(Items listed in a dataset)

================

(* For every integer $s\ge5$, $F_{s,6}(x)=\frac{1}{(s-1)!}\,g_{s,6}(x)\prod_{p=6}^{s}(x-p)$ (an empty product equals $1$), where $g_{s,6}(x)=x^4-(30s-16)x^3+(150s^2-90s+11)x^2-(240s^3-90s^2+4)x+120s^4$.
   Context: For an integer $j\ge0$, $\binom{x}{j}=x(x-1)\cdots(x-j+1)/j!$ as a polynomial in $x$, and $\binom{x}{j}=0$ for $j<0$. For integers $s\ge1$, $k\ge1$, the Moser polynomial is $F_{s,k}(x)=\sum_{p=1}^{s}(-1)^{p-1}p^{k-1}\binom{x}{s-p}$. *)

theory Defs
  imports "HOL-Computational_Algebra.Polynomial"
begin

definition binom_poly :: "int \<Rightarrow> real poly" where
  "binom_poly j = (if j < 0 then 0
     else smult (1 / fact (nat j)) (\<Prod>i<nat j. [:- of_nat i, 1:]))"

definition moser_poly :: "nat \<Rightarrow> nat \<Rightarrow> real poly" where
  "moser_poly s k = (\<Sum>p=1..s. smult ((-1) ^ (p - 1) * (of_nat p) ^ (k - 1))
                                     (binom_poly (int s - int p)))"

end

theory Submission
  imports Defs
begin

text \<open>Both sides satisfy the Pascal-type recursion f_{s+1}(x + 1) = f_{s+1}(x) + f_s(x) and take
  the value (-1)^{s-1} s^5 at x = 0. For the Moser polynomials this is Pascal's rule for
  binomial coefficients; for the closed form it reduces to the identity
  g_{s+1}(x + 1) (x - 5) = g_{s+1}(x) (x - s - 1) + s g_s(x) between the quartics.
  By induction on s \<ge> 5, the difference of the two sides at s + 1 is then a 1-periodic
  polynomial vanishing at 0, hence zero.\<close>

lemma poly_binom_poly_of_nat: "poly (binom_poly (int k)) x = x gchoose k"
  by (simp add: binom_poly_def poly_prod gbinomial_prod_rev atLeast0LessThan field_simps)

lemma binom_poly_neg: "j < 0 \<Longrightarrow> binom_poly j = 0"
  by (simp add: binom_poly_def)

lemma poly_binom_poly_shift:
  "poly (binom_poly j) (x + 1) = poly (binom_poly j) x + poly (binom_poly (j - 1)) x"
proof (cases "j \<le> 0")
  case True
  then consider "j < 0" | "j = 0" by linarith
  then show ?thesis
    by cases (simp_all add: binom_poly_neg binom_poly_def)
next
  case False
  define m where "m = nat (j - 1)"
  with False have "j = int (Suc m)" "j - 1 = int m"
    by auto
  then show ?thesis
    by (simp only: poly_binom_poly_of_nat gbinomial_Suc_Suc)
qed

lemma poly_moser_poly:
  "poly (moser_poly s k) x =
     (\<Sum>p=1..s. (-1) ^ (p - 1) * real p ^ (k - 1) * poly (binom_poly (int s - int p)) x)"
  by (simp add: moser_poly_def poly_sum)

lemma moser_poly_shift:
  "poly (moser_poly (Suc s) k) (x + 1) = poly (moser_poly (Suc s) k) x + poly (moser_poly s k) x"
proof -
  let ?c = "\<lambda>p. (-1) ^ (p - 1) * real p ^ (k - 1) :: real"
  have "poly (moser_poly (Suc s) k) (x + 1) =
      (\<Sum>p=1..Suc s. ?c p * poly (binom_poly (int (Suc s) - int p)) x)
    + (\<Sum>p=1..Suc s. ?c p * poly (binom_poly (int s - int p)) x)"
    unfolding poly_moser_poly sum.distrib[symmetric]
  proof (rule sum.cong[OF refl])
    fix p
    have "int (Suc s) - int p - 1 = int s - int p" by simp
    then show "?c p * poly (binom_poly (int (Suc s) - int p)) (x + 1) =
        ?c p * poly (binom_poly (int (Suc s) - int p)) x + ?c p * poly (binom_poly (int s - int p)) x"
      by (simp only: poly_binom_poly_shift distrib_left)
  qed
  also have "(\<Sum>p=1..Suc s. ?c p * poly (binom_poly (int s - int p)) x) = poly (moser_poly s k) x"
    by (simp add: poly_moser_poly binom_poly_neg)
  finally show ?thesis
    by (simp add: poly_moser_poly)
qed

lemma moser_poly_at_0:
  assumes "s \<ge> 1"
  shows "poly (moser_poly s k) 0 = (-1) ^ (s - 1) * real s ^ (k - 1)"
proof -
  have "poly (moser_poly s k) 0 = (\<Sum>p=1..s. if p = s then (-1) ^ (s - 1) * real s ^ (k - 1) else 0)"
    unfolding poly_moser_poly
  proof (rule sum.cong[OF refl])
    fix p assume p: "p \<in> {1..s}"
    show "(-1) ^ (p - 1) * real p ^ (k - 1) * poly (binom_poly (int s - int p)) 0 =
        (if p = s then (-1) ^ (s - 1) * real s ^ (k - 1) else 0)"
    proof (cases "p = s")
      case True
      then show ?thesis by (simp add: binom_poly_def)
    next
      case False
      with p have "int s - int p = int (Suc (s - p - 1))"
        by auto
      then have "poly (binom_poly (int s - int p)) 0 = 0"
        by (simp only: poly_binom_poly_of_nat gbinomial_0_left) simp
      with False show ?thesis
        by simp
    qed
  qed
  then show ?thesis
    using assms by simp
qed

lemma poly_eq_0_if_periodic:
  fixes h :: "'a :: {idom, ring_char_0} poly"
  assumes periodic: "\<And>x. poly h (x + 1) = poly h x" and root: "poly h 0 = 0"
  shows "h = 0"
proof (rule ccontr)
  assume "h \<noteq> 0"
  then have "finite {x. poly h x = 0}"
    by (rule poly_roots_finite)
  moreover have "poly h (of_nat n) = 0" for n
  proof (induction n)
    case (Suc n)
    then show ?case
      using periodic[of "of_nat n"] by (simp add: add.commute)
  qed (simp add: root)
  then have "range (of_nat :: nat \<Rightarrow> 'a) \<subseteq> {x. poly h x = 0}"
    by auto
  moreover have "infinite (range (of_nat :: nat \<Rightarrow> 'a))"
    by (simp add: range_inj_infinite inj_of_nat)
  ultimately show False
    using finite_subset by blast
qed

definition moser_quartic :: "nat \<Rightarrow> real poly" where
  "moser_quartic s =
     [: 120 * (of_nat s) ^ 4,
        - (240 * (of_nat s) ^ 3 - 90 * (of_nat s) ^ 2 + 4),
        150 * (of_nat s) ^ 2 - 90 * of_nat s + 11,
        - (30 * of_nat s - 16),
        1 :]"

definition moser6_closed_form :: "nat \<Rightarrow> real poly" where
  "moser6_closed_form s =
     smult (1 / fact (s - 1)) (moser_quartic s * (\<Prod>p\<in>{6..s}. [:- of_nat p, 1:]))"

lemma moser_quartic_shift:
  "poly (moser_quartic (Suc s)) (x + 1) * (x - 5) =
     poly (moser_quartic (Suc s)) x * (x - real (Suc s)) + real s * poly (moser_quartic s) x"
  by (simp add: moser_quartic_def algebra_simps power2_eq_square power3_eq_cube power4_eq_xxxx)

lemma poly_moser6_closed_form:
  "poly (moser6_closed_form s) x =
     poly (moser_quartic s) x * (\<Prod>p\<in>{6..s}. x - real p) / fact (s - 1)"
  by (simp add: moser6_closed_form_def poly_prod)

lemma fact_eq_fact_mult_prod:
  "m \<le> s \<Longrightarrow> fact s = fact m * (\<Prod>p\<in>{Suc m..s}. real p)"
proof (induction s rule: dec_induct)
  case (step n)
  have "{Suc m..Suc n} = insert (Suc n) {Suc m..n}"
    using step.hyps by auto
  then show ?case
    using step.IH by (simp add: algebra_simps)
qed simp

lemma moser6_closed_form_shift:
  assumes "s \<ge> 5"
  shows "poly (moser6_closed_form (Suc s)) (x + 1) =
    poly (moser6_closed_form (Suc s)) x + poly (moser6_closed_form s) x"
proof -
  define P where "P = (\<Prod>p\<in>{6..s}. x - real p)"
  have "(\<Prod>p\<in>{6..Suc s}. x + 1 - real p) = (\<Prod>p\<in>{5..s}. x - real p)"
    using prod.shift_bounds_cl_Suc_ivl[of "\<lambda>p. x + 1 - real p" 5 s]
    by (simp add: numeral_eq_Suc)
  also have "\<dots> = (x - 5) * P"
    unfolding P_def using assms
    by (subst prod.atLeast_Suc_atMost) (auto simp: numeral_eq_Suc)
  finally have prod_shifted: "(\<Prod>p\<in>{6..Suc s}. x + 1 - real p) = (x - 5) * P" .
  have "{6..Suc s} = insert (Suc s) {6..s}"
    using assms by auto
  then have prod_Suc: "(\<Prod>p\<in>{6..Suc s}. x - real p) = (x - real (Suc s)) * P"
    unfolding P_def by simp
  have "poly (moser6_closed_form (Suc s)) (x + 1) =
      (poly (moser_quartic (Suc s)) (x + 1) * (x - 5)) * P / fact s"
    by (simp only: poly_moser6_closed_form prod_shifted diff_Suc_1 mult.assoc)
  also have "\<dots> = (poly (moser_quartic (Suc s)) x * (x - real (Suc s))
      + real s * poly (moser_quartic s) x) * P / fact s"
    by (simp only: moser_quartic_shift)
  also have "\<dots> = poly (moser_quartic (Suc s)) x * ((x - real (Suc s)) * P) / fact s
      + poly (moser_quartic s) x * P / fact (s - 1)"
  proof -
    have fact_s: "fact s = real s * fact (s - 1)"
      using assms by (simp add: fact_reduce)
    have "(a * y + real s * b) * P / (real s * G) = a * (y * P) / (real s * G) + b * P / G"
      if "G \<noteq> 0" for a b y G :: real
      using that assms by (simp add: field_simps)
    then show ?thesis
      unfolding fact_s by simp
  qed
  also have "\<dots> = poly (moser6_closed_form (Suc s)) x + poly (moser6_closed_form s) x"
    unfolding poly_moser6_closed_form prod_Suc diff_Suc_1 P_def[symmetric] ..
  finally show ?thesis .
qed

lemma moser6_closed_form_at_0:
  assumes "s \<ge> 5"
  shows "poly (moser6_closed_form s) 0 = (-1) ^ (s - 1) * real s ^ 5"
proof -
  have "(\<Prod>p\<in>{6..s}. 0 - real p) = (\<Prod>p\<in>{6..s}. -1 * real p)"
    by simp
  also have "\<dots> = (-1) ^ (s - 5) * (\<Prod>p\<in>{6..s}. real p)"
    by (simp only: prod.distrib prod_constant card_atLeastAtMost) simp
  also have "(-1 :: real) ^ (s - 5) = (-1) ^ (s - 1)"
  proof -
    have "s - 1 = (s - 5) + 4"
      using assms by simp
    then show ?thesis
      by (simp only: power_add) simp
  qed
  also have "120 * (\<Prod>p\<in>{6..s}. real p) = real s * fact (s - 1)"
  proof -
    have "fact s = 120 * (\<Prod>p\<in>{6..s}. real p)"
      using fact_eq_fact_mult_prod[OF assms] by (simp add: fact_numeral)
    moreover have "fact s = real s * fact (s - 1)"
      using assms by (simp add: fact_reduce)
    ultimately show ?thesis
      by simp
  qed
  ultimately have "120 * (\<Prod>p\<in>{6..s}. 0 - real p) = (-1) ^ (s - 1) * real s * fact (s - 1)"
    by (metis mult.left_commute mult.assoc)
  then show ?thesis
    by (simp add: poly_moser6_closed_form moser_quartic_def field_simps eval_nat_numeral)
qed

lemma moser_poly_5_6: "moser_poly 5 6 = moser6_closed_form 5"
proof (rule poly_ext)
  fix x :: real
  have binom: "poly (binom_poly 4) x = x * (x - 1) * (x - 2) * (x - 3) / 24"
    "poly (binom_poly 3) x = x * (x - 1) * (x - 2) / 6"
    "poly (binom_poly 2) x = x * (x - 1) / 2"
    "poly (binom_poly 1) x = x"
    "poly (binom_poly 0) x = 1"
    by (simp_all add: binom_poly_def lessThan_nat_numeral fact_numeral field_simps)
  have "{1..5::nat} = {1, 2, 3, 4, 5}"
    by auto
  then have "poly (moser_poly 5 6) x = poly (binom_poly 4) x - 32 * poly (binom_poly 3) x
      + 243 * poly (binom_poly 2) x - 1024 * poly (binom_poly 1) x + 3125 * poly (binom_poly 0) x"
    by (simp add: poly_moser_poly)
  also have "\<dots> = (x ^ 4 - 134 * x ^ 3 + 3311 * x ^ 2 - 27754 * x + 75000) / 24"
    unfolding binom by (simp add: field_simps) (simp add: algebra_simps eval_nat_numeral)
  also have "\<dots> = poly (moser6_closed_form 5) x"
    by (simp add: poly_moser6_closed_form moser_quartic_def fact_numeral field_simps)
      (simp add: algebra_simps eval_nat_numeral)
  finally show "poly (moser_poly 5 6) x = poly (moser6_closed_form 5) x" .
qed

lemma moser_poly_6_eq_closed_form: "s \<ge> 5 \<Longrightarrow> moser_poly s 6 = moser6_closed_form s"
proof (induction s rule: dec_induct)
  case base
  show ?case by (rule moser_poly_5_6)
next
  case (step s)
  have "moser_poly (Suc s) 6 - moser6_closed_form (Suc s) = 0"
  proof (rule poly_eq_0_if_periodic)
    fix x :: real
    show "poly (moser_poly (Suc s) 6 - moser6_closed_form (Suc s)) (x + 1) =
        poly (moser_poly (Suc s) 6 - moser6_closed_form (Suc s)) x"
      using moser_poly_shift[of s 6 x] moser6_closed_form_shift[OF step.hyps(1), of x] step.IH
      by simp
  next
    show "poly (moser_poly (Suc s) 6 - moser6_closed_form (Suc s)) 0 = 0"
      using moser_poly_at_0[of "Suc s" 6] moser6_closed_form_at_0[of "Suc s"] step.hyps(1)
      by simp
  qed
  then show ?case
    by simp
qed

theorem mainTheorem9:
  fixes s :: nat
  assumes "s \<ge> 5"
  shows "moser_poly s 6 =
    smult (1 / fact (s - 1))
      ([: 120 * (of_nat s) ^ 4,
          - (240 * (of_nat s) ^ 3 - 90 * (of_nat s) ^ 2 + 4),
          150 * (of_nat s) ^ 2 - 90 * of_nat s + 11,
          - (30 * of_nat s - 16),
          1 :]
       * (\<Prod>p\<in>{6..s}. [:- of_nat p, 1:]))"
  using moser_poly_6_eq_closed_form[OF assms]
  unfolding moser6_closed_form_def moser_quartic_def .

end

================

* _Problem statement_
Go through the entries above and say how many lines include the word "unfolding". Give the number only.

* _Solution for this exercise_
8